• EXERCISE GOAL
When the word "within" shows up in a line of the records below, copy that line.

• MATERIAL FOR THIS TASK
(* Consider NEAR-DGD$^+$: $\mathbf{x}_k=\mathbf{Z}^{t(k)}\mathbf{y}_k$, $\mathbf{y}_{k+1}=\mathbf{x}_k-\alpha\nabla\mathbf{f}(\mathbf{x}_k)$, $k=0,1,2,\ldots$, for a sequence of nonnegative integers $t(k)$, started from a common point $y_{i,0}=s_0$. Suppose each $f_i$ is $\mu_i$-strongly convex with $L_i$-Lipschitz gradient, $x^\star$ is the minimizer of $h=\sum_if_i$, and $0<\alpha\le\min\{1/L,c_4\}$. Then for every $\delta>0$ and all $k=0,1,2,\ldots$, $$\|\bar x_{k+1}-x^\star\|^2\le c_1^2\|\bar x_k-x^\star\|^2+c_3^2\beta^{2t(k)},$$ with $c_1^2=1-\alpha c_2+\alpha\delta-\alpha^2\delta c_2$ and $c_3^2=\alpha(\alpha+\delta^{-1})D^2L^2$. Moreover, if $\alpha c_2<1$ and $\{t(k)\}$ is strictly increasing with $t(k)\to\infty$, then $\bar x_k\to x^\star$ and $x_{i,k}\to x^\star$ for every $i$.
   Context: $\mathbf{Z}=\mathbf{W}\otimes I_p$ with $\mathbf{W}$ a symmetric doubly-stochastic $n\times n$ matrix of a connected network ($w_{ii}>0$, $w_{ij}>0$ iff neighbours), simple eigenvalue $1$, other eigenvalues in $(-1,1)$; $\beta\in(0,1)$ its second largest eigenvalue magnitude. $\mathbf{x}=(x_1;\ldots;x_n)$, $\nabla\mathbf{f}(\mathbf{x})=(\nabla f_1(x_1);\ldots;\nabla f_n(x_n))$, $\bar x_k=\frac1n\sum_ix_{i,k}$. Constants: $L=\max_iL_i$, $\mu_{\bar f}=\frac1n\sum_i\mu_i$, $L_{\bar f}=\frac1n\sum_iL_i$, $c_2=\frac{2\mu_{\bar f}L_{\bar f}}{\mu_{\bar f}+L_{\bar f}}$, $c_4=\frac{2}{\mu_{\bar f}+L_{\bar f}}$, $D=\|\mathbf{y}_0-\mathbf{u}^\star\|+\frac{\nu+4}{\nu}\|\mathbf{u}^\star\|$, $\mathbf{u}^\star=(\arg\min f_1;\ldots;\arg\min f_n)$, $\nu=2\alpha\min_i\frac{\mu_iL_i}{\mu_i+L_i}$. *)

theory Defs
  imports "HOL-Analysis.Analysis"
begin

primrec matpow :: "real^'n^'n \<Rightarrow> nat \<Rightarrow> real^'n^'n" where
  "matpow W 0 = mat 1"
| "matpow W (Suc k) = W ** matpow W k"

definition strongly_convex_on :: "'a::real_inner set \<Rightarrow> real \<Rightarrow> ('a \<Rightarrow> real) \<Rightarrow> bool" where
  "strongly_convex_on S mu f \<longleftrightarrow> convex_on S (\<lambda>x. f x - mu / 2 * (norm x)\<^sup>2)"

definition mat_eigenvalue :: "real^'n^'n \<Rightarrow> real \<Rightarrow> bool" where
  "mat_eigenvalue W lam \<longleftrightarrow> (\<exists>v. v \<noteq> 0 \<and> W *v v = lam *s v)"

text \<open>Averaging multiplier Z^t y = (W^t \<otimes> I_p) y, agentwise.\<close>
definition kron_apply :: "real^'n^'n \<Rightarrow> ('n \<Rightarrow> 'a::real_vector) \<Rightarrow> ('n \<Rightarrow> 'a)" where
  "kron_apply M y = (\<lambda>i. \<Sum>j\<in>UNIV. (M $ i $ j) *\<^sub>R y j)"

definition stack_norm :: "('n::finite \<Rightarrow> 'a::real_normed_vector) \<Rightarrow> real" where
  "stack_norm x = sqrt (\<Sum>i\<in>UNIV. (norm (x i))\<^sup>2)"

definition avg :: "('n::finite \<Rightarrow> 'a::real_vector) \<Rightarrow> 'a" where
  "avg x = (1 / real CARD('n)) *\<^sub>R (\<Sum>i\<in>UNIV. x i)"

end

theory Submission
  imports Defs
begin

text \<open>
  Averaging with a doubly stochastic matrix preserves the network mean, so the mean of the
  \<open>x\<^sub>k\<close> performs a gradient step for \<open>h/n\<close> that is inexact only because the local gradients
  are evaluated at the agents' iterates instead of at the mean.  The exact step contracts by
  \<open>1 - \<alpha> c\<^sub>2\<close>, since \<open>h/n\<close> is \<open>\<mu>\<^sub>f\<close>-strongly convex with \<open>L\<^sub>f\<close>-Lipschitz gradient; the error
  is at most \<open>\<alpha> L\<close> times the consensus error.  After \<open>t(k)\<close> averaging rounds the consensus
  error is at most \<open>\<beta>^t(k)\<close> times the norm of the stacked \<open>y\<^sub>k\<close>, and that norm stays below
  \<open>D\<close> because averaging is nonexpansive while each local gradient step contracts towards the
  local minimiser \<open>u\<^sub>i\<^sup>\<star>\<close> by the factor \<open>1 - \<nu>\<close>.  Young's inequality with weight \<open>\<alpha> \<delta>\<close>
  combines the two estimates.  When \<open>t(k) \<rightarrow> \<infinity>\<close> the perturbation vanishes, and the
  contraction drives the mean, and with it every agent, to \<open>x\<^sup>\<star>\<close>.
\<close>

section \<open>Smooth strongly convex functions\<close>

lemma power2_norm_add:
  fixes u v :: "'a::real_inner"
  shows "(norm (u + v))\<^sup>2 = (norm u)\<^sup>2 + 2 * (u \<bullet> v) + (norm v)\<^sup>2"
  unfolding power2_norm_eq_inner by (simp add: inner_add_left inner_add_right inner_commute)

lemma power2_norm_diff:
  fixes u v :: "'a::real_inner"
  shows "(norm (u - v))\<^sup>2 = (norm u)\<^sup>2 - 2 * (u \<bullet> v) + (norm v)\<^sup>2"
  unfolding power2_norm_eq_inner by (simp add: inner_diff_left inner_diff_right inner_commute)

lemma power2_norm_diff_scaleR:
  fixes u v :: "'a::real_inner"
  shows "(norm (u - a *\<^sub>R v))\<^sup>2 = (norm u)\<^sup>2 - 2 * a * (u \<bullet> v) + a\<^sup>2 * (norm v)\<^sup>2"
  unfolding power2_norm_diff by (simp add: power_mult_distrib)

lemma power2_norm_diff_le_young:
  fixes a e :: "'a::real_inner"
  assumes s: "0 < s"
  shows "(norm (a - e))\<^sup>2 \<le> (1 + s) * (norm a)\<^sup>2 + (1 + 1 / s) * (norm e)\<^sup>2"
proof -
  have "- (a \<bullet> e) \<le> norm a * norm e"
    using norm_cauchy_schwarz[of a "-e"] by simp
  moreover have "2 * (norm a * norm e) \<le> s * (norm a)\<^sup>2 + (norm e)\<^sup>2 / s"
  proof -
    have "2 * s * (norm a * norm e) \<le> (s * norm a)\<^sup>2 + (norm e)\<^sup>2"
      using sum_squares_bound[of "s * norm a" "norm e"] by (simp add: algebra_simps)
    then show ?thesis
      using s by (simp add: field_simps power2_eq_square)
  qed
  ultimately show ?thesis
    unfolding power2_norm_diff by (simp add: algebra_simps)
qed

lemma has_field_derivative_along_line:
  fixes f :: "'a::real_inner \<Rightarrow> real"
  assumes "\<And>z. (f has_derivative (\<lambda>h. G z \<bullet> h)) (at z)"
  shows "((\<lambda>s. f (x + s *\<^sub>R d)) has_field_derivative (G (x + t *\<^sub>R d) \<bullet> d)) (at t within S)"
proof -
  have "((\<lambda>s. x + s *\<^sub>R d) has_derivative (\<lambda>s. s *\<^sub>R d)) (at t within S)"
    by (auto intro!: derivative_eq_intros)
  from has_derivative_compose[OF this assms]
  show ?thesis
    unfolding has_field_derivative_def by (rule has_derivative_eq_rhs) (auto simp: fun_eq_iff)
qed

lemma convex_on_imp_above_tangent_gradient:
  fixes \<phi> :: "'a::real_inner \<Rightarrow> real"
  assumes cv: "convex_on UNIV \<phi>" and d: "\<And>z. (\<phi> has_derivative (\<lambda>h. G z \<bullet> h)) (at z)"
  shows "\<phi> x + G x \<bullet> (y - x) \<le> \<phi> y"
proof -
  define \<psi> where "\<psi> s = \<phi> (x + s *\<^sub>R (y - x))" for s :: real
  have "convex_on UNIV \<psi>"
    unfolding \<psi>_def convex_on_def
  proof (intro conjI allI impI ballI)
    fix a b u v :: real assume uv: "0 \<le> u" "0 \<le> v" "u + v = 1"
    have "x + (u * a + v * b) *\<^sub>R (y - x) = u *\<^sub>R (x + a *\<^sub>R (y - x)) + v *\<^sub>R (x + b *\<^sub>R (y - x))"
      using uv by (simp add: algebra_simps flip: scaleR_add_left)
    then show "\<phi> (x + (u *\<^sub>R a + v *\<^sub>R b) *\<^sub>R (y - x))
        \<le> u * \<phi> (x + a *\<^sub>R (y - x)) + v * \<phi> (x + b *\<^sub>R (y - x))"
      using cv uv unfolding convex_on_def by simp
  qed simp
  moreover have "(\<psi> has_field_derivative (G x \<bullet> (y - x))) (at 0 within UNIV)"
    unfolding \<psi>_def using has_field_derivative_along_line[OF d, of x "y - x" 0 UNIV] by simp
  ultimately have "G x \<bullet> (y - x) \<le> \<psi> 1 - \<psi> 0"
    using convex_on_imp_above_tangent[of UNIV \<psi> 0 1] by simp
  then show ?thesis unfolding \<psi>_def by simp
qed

• COMPLETED EXERCISE
  shows "((\<lambda>s. f (x + s *\<^sub>R d)) has_field_derivative (G (x + t *\<^sub>R d) \<bullet> d)) (at t within S)"
  have "((\<lambda>s. x + s *\<^sub>R d) has_derivative (\<lambda>s. s *\<^sub>R d)) (at t within S)"
  moreover have "(\<psi> has_field_derivative (G x \<bullet> (y - x))) (at 0 within UNIV)"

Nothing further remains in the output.